Which is fastest? SELECT SQL_CALC_FOUND_ROWS FROM `table`, or SELECT COUNT(*)
Asked Answered
R

8

194

When you limit the number of rows to be returned by a SQL query, usually used in paging, there are two methods to determine the total number of records:

Method 1

Include the SQL_CALC_FOUND_ROWS option in the original SELECT, and then get the total number of rows by running SELECT FOUND_ROWS():

SELECT SQL_CALC_FOUND_ROWS * FROM table WHERE id > 100 LIMIT 10;
SELECT FOUND_ROWS();  

Method 2

Run the query normally, and then get the total number of rows by running SELECT COUNT(*)

SELECT * FROM table WHERE id > 100 LIMIT 10;
SELECT COUNT(*) FROM table WHERE id > 100;  

Which method is the best / fastest?

Ronnaronnholm answered 9/10, 2008 at 9:53 Comment(0)
M
131

It depends. See the MySQL Performance Blog post on this subject: To SQL_CALC_FOUND_ROWS or not to SQL_CALC_FOUND_ROWS?

Just a quick summary: Peter says that it depends on your indexes and other factors. Many of the comments to the post seem to say that SQL_CALC_FOUND_ROWS is almost always slower - sometimes up to 10x slower - than running two queries.

Mandatory answered 9/10, 2008 at 18:58 Comment(7)
I can confirm this - I just updated a query with 4 joins on a 168,000 row database. Selecting just the first 100 rows with a SQL_CALC_FOUND_ROWS took over 20 seconds; using a separate COUNT(*) query took under 5 seconds (for both count + results queries).Froufrou
Very interesting findings. Since MySQL's documentation explicitly suggests that SQL_CALC_FOUND_ROWS will be faster, I wonder in what situations (if any) it actually is faster!Clavius
I am unsure why SQL_CALC_FOUND_ROWS can be so slower. I think this is just version-related, and with newer version of MySQL SQLC_CALC_FOUND_ROWS will be as fast as 2 query, if not fasterPita
old topic, but for those who still interesting! Just finished my check on INNODB from 10 checks I can tell that it's 26(2query) against 9.2(1 query) SELECT SQL_CALC_FOUND_ROWS tblA.*, tblB.id AS 'b_id', tblB.city AS 'b_city', tblC.id AS 'c_id', tblC.type AS 'c_type', tblD.id AS 'd_id', tblD.extype AS 'd_extype', tblY.id AS 'y_id', tblY.ydt AS y_ydt FROM tblA, tblB, tblC, tblD, tblY WHERE tblA.b = tblC.id AND tblA.c = tblB.id AND tblA.d = tblD.id AND tblA.y = tblY.idPetronia
I just ran this experiment and SQLC_CALC_FOUND_ROWS was much faster than two queries. Now my main table is only 65k and two joins of a few hundreds, but the main query takes 0.18 seconds with or without SQLC_CALC_FOUND_ROWS but when I ran a second query with COUNT(id) it took 0.25 alone.Barbaric
In addition to possible performance issues, consider that FOUND_ROWS() has been deprecated in MySQL 8.0.17. See also @madhur-bhaiya's answer.Subirrigate
The linked article doesn’t seem to test on anything else than a full table search, maybe the result is different when the query is much more complicated, with joins for instance.
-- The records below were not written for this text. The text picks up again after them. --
(* Let $A$ be a physical system of dimension $m$ whose Hamiltonian has a non-degenerate Bohr spectrum, with energy eigenbasis $\{|x\rangle\}_{x\in[m]}$. Let $\rho=\sum_{x,x'}r_{xx'}|x\rangle\langle x'|$ and $\sigma=\sum_{x,x'}s_{xx'}|x\rangle\langle x'|$ be density matrices on $A$, and suppose $r_{xx'}\neq0$ for all $x,x'\in[m]$. Then there exists a time-translation covariant channel $\mathcal{E}:A\to A$ with $\sigma=\mathcal{E}(\rho)$ if and only if the $m\times m$ matrix $Q$ with entries $$q_{xy}=\begin{cases}\min\left\{1,\frac{s_{xx}}{r_{xx}}\right\}&\text{if }x=y,\\ \frac{s_{xy}}{r_{xy}}&\text{otherwise},\end{cases}$$ is positive semidefinite.
   Context: The Hamiltonian $H^A=\sum_x a_x|x\rangle\langle x|$ has a non-degenerate Bohr spectrum if for all $x,y,x',y'\in[m]$: $a_x-a_y=a_{x'}-a_{y'}$ holds iff ($x=x'$ and $y=y'$) or ($x=y$ and $x'=y'$). A channel $\mathcal{E}:A\to A$ is time-translation covariant if $\mathcal{E}(e^{-iH^At}\rho e^{iH^At})=e^{-iH^At}\mathcal{E}(\rho)e^{iH^At}$ for all $t\in\mathbb{R}$ and all states $\rho$. *)

theory Defs
  imports Complex_Main "Jordan_Normal_Form.Matrix"
begin

text \<open>Index set [m] is rendered as {0..<m}; operators on A are complex m x m matrices.\<close>

definition nondeg_bohr :: "nat \<Rightarrow> (nat \<Rightarrow> real) \<Rightarrow> bool" where
  "nondeg_bohr m a \<longleftrightarrow> (\<forall>x<m. \<forall>y<m. \<forall>x'<m. \<forall>y'<m.
      (a x - a y = a x' - a y') \<longleftrightarrow> ((x = x' \<and> y = y') \<or> (x = y \<and> x' = y')))"

definition adj :: "complex mat \<Rightarrow> complex mat" where
  "adj A = mat (dim_col A) (dim_row A) (\<lambda>(i,j). cnj (A $$ (j,i)))"

definition psd :: "nat \<Rightarrow> complex mat \<Rightarrow> bool" where
  "psd n A \<longleftrightarrow> A \<in> carrier_mat n n \<and> A = adj A \<and>
     (\<forall>v :: nat \<Rightarrow> complex. let q = (\<Sum>i<n. \<Sum>j<n. cnj (v i) * A $$ (i,j) * v j)
        in Im q = 0 \<and> Re q \<ge> 0)"

definition mtrace :: "complex mat \<Rightarrow> complex" where
  "mtrace A = (\<Sum>i<dim_row A. A $$ (i,i))"

definition density :: "nat \<Rightarrow> complex mat \<Rightarrow> bool" where
  "density m \<rho> \<longleftrightarrow> psd m \<rho> \<and> mtrace \<rho> = 1"

text \<open>(id_k \<otimes> E) applied to a (k*m) x (k*m) matrix, ordered with the ancilla index as outer
  index: row index a*m+x with a<k, x<m.\<close>
definition block :: "nat \<Rightarrow> complex mat \<Rightarrow> nat \<Rightarrow> nat \<Rightarrow> complex mat" where
  "block m X a b = mat m m (\<lambda>(x,y). X $$ (a*m+x, b*m+y))"
lemma inj_on_path_directions: "inj_on (path_directions v) (paths v)"
proof (rule inj_onI)
  fix xs ys assume xs: "xs \<in> paths v" and ys: "ys \<in> paths v"
    and dirs: "path_directions v xs = path_directions v ys"
  have "xs ! j = ys ! j" if "j \<le> l1norm v" for j
    using that
  proof (induction j)
    case 0
    then show ?case using xs ys by (simp add: paths_def)
  next
    case (Suc j)
    then have IH: "xs ! j = ys ! j" by simp
    have steps: "unit_step (xs ! j) (xs ! Suc j)" "unit_step (ys ! j) (ys ! Suc j)"
      using xs ys Suc.prems by (auto simp: paths_def)
    have "step_direction (xs ! j) (xs ! Suc j) = step_direction (ys ! j) (ys ! Suc j)"
      using dirs Suc.prems by (auto simp: path_directions_def)
    then show ?case
      using unit_step_direction[OF steps(1)] unit_step_direction[OF steps(2)] IH by simp
  qed
  then show "xs = ys"
    using xs ys by (intro nth_equalityI) (auto simp: paths_def)
qed

lemma path_directions_in_lists:
  "path_directions v ` paths v \<subseteq> {ds. set ds \<subseteq> UNIV \<and> length ds = l1norm v}"
  by (auto simp: path_directions_def)

lemma finite_paths [simp]: "finite (paths (v :: 'd::finite \<Rightarrow> nat))"
proof -
  have "finite (path_directions v ` paths v)"
    by (rule finite_subset[OF path_directions_in_lists finite_lists_length_eq]) simp
  then show ?thesis
    using finite_imageD inj_on_path_directions by blast
qed

lemma card_paths_le: "card (paths (v :: 'd::finite \<Rightarrow> nat)) \<le> CARD('d) ^ l1norm v"
proof -
  have "card (paths v) = card (path_directions v ` paths v)"
    using card_image[OF inj_on_path_directions[of v]] by simp
  also have "\<dots> \<le> card {ds. set ds \<subseteq> (UNIV :: 'd set) \<and> length ds = l1norm v}"
    by (rule card_mono[OF finite_lists_length_eq path_directions_in_lists]) simp
  also have "\<dots> = CARD('d) ^ l1norm v"
    by (rule card_lists_length_eq) simp
  finally show ?thesis .
qed

lemma l1norm_decrement:
  assumes "v i > 0"
  shows "l1norm v = Suc (l1norm (v(i := v i - 1)))"
proof -
  have "sum v UNIV = v i + sum v (UNIV - {i})"
    by (rule sum.remove) auto
  moreover have "sum (v(i := v i - 1)) UNIV = (v i - 1) + sum v (UNIV - {i})"
    by (subst sum.remove[of UNIV i]) (auto intro!: sum.cong)
  ultimately show ?thesis using assms by (simp add: l1norm_def)
qed

lemma paths_nonempty: "paths (v :: 'd::finite \<Rightarrow> nat) \<noteq> {}"
proof (induction "l1norm v" arbitrary: v)
  case 0
  then have "v = (\<lambda>_. 0)" by (auto simp: l1norm_def)
  then have "[v] \<in> paths v" using 0 by (simp add: paths_def)
  then show ?case by blast
next
  case (Suc m)
  have "sum v UNIV = Suc m" using Suc.hyps(2) by (simp add: l1norm_def)
  then obtain i where i: "v i > 0" by (metis Suc_neq_Zero neq0_conv sum.neutral)
  define v' where "v' = v(i := v i - 1)"
  have v: "v = v'(i := Suc (v' i))" using i by (auto simp: v'_def)
  have m: "l1norm v' = m" using l1norm_decrement[of v i, OF i] Suc.hyps(2) by (simp add: v'_def)
  then obtain xs where "xs \<in> paths v'" using Suc.hyps(1) by blast
  then have xs: "length xs = Suc m" "xs ! 0 = (\<lambda>_. 0)" "xs ! m = v'"
    "\<And>j. j < m \<Longrightarrow> unit_step (xs ! j) (xs ! Suc j)"
    using m by (auto simp: paths_def)
  have "unit_step ((xs @ [v]) ! j) ((xs @ [v]) ! Suc j)" if "j < Suc m" for j
    using that xs v by (auto simp: nth_append unit_step_def less_Suc_eq)
  then have "xs @ [v] \<in> paths v"
    using xs Suc.hyps(2) by (auto simp: paths_def nth_append)
  then show ?case by blast
qed

lemma exp_lpp_time_le_partition_fn:
  fixes v :: "'d::finite \<Rightarrow> nat"
  shows "exp (\<beta> * lpp_time w v) \<le> partition_fn \<beta> w v"
proof -
  have "lpp_time w v \<in> path_weight w v ` paths v"
    unfolding lpp_time_def
    using paths_nonempty by (intro Max_in) auto
  then obtain xs where xs: "xs \<in> paths v" "lpp_time w v = path_weight w v xs" by blast
  show ?thesis
    unfolding partition_fn_def xs(2)
    by (rule member_le_sum[OF xs(1)]) auto
qed

lemma partition_fn_le_card_paths:
  fixes v :: "'d::finite \<Rightarrow> nat"
  assumes "\<beta> \<ge> 0"
  shows "partition_fn \<beta> w v \<le> real (card (paths v)) * exp (\<beta> * lpp_time w v)"
proof -
  have "path_weight w v xs \<le> lpp_time w v" if "xs \<in> paths v" for xs
    unfolding lpp_time_def using that by (intro Max_ge) auto
  then have "partition_fn \<beta> w v \<le> (\<Sum>xs\<in>paths v. exp (\<beta> * lpp_time w v))"
    unfolding partition_fn_def using assms by (intro sum_mono) (auto intro: mult_left_mono)
  then show ?thesis by simp
qed

lemma ln_partition_fn_le:
  fixes v :: "'d::finite \<Rightarrow> nat"
  assumes "\<beta> \<ge> 0"
  shows "ln (partition_fn \<beta> w v) \<le> real (l1norm v) * ln (real CARD('d)) + \<beta> * lpp_time w v"
proof -
  have card: "0 < card (paths v)" "card (paths v) \<le> CARD('d) ^ l1norm v"
    using card_paths_le paths_nonempty card_gt_0_iff finite_paths by blast+
  have "ln (partition_fn \<beta> w v) \<le> ln (real (card (paths v)) * exp (\<beta> * lpp_time w v))"
    using partition_fn_le_card_paths[OF assms] exp_lpp_time_le_partition_fn[of \<beta> w v]
    by (intro ln_mono) (auto intro: order.strict_trans2[OF exp_gt_zero])
  also have "\<dots> = ln (real (card (paths v))) + \<beta> * lpp_time w v"
    using paths_nonempty[of v] by (simp add: ln_mult)
  also have "ln (real (card (paths v))) \<le> ln (real (CARD('d) ^ l1norm v))"
    using card by (intro ln_mono) (auto simp del: of_nat_power)
  finally show ?thesis by (simp add: ln_realpow)
qed

lemma l1norm_floor_scale_le:
  assumes "\<forall>i. u i \<ge> 0"
  shows "real (l1norm (floor_scale n u)) \<le> real n * (\<Sum>i\<in>UNIV. u i)"
proof -
  have "real (l1norm (floor_scale n u)) = (\<Sum>i\<in>UNIV. real (nat \<lfloor>real n * u i\<rfloor>))"
    by (simp add: l1norm_def floor_scale_def)
  also have "\<dots> \<le> (\<Sum>i\<in>UNIV. real n * u i)"
  proof (rule sum_mono)
    fix i
    have "0 \<le> real n * u i" using assms by simp
    then show "real (nat \<lfloor>real n * u i\<rfloor>) \<le> real n * u i" by linarith
  qed
  finally show ?thesis by (simp add: sum_distrib_left)
qed

lemma borel_measurable_lpp_time [measurable]:
  assumes [measurable]: "\<And>v. \<omega> v \<in> borel_measurable M"
  shows "(\<lambda>x. lpp_time (\<lambda>v. \<omega> v x) w) \<in> borel_measurable M"
  unfolding lpp_time_def path_weight_def by (intro borel_measurable_Max) auto

lemma borel_measurable_partition_fn [measurable]:
  assumes [measurable]: "\<And>v. \<omega> v \<in> borel_measurable M"
  shows "(\<lambda>x. partition_fn \<beta> (\<lambda>v. \<omega> v x) w) \<in> borel_measurable M"
  unfolding partition_fn_def path_weight_def by measurable

lemma lnE_mono: "p \<le> q \<Longrightarrow> lnE p \<le> lnE q"
  unfolding lnE_def by auto

lemma rate_antimono:
  assumes "finite_measure M" and "\<And>n. B n \<in> sets M" and "\<And>n. n > 0 \<Longrightarrow> A n \<subseteq> B n"
    and "convergent (\<lambda>n. lnE (measure M (A n)) / ereal (real n))"
    and "convergent (\<lambda>n. lnE (measure M (B n)) / ereal (real n))"
  shows "- lim (\<lambda>n. lnE (measure M (B n)) / ereal (real n))
    \<le> - lim (\<lambda>n. lnE (measure M (A n)) / ereal (real n))"
proof -
  have le: "lnE (measure M (A n)) / ereal (real n) \<le> lnE (measure M (B n)) / ereal (real n)"
    if "n \<ge> 1" for n
    using that assms(2,3) finite_measure.finite_measure_mono[OF assms(1)]
    by (intro ereal_divide_right_mono lnE_mono) auto
  have "lim (\<lambda>n. lnE (measure M (A n)) / ereal (real n))
      \<le> lim (\<lambda>n. lnE (measure M (B n)) / ereal (real n))"
    by (rule lim_mono[OF le]) (use assms(4,5) in \<open>simp_all add: convergent_LIMSEQ_iff\<close>)
  then show ?thesis by simp
qed

lemma J_rate_le_I_rate:
  assumes "finite_measure M" and "\<And>v. \<omega> v \<in> borel_measurable M" and "\<beta> > 0"
    and "convergent (J_seq M \<omega> \<beta> u (\<beta> * r))" and "convergent (I_seq M \<omega> u r)"
  shows "J_rate M \<omega> \<beta> u (\<beta> * r) \<le> I_rate M \<omega> u r"
  unfolding J_rate_def I_rate_def J_seq_def I_seq_def
proof (rule rate_antimono[OF assms(1) _ _ assms(5,4)[unfolded I_seq_def J_seq_def]])
  fix n :: nat
  show "{x \<in> space M. ln (partition_fn \<beta> (\<lambda>v. \<omega> v x) (floor_scale n u)) \<ge> real n * (\<beta> * r)}
    \<in> sets M"
    using assms(2) by measurable
  have "real n * (\<beta> * r) \<le> ln (partition_fn \<beta> (\<lambda>v. \<omega> v x) (floor_scale n u))"
    if "real n * r \<le> lpp_time (\<lambda>v. \<omega> v x) (floor_scale n u)" for x
  proof -
    have "real n * (\<beta> * r) \<le> \<beta> * lpp_time (\<lambda>v. \<omega> v x) (floor_scale n u)"
      using mult_left_mono[OF that] assms(3) by (simp add: algebra_simps)
    also have "\<dots> = ln (exp (\<beta> * lpp_time (\<lambda>v. \<omega> v x) (floor_scale n u)))"
      by simp
    also have "\<dots> \<le> ln (partition_fn \<beta> (\<lambda>v. \<omega> v x) (floor_scale n u))"
      using exp_lpp_time_le_partition_fn by (intro ln_mono) auto
    finally show ?thesis .
  qed
  then show "{x \<in> space M. lpp_time (\<lambda>v. \<omega> v x) (floor_scale n u) \<ge> real n * r}
    \<subseteq> {x \<in> space M. ln (partition_fn \<beta> (\<lambda>v. \<omega> v x) (floor_scale n u)) \<ge> real n * (\<beta> * r)}"
    by auto
qed

lemma I_rate_shifted_le_J_rate:
  fixes \<omega> :: "('d::finite \<Rightarrow> nat) \<Rightarrow> 'a \<Rightarrow> real"
  assumes "finite_measure M" and "\<And>v. \<omega> v \<in> borel_measurable M" and "\<beta> > 0"
    and "\<forall>i. u i \<ge> 0" and c: "(\<Sum>i\<in>UNIV. u i) * ln (real CARD('d)) \<le> c"
    and "convergent (J_seq M \<omega> \<beta> u (\<beta> * r))" and "convergent (I_seq M \<omega> u (r - c / \<beta>))"
  shows "I_rate M \<omega> u (r - c / \<beta>) \<le> J_rate M \<omega> \<beta> u (\<beta> * r)"
  unfolding J_rate_def I_rate_def J_seq_def I_seq_def
proof (rule rate_antimono[OF assms(1) _ _ assms(6,7)[unfolded I_seq_def J_seq_def]])
  fix n :: nat
  show "{x \<in> space M. lpp_time (\<lambda>v. \<omega> v x) (floor_scale n u) \<ge> real n * (r - c / \<beta>)} \<in> sets M"
    using assms(2) by measurable
  have path_count: "real (l1norm (floor_scale n u)) * ln (real CARD('d)) \<le> real n * c"
    using mult_right_mono[OF l1norm_floor_scale_le[OF assms(4)], of "ln (real CARD('d))" n]
      mult_left_mono[OF c, of "real n"]
    by (simp add: algebra_simps)
  have shift: "\<beta> * (real n * (r - c / \<beta>)) = real n * (\<beta> * r) - real n * c"
    using assms(3) by (simp add: field_simps)
  have "real n * (r - c / \<beta>) \<le> lpp_time (\<lambda>v. \<omega> v x) (floor_scale n u)"
    if "real n * (\<beta> * r) \<le> ln (partition_fn \<beta> (\<lambda>v. \<omega> v x) (floor_scale n u))" for x
  proof -
    have "\<beta> * (real n * (r - c / \<beta>)) \<le> \<beta> * lpp_time (\<lambda>v. \<omega> v x) (floor_scale n u)"
      using that ln_partition_fn_le[of \<beta> "\<lambda>v. \<omega> v x" "floor_scale n u"] assms(3)
        path_count shift
      by linarith
    then show ?thesis using assms(3) by simp
  qed
  then show "{x \<in> space M. ln (partition_fn \<beta> (\<lambda>v. \<omega> v x) (floor_scale n u)) \<ge> real n * (\<beta> * r)}
    \<subseteq> {x \<in> space M. lpp_time (\<lambda>v. \<omega> v x) (floor_scale n u) \<ge> real n * (r - c / \<beta>)}"
    using assms(3) by auto
qed

lemma tendsto_left_shift_at_top:
  fixes f :: "real \<Rightarrow> 'b::topological_space"
  assumes "(f \<longlongrightarrow> f r) (at_left r)" and "c > 0"
  shows "((\<lambda>\<beta>. f (r - c / \<beta>)) \<longlongrightarrow> f r) at_top"
proof -
  have "((\<lambda>\<beta>. c / \<beta>) \<longlongrightarrow> 0) at_top"
    by (rule tendsto_divide_0[OF tendsto_const filterlim_at_top_imp_at_infinity[OF filterlim_ident]])
  then have "((\<lambda>\<beta>. r - c / \<beta>) \<longlongrightarrow> r - 0) at_top"
    by (intro tendsto_diff tendsto_const)
  moreover have "\<forall>\<^sub>F \<beta> in at_top. r - c / \<beta> < r"
    using eventually_gt_at_top[of 0] by eventually_elim (use assms(2) in simp)
  ultimately have "filterlim (\<lambda>\<beta>. r - c / \<beta>) (at_left r) at_top"
    by (intro tendsto_imp_filterlim_at_left) simp_all
  then show ?thesis using filterlim_compose[OF assms(1)] by blast
qed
Also it’s missing an important part of the equation: when you’re doing two queries, you’re adding an important network delay. EDIT: Oh just read it’s deprecated, so yeah I guess we shouldn’t use it in the endRevulsive
I
34

MySQL has started deprecating SQL_CALC_FOUND_ROWS functionality with version 8.0.17 onwards.

So, it is always preferred to consider executing your query with LIMIT, and then a second query with COUNT(*) and without LIMIT to determine whether there are additional rows.

From docs:

The SQL_CALC_FOUND_ROWS query modifier and accompanying FOUND_ROWS() function are deprecated as of MySQL 8.0.17 and will be removed in a future MySQL version.

COUNT(*) is subject to certain optimizations. SQL_CALC_FOUND_ROWS causes some optimizations to be disabled.

Use these queries instead:

SELECT * FROM tbl_name WHERE id > 100 LIMIT 10;
SELECT COUNT(*) WHERE id > 100;

Also, SQL_CALC_FOUND_ROWS has been observed to having more issues generally, as explained in the MySQL WL# 12615 :

SQL_CALC_FOUND_ROWS has a number of problems. First of all, it's slow. Frequently, it would be cheaper to run the query with LIMIT and then a separate SELECT COUNT() for the same query, since COUNT() can make use of optimizations that can't be done when searching for the entire result set (e.g. filesort can be skipped for COUNT(*), whereas with CALC_FOUND_ROWS, we must disable some filesort optimizations to guarantee the right result)

More importantly, it has very unclear semantics in a number of situations. In particular, when a query has multiple query blocks (e.g. with UNION), there's simply no way to calculate the number of “would-have-been” rows at the same time as producing a valid query. As the iterator executor is progressing towards these kinds of queries, it is genuinely difficult to try to retain the same semantics. Furthermore, if there are multiple LIMITs in the query (e.g. for derived tables), it's not necessarily clear to which of them SQL_CALC_FOUND_ROWS should refer to. Thus, such nontrivial queries will necessarily get different semantics in the iterator executor compared to what they had before.

Finally, most of the use cases where SQL_CALC_FOUND_ROWS would seem useful should simply be solved by other mechanisms than LIMIT/OFFSET. E.g., a phone book should be paginated by letter (both in terms of UX and in terms of index use), not by record number. Discussions are increasingly infinite-scroll ordered by date (again allowing index use), not by paginated by post number. And so on.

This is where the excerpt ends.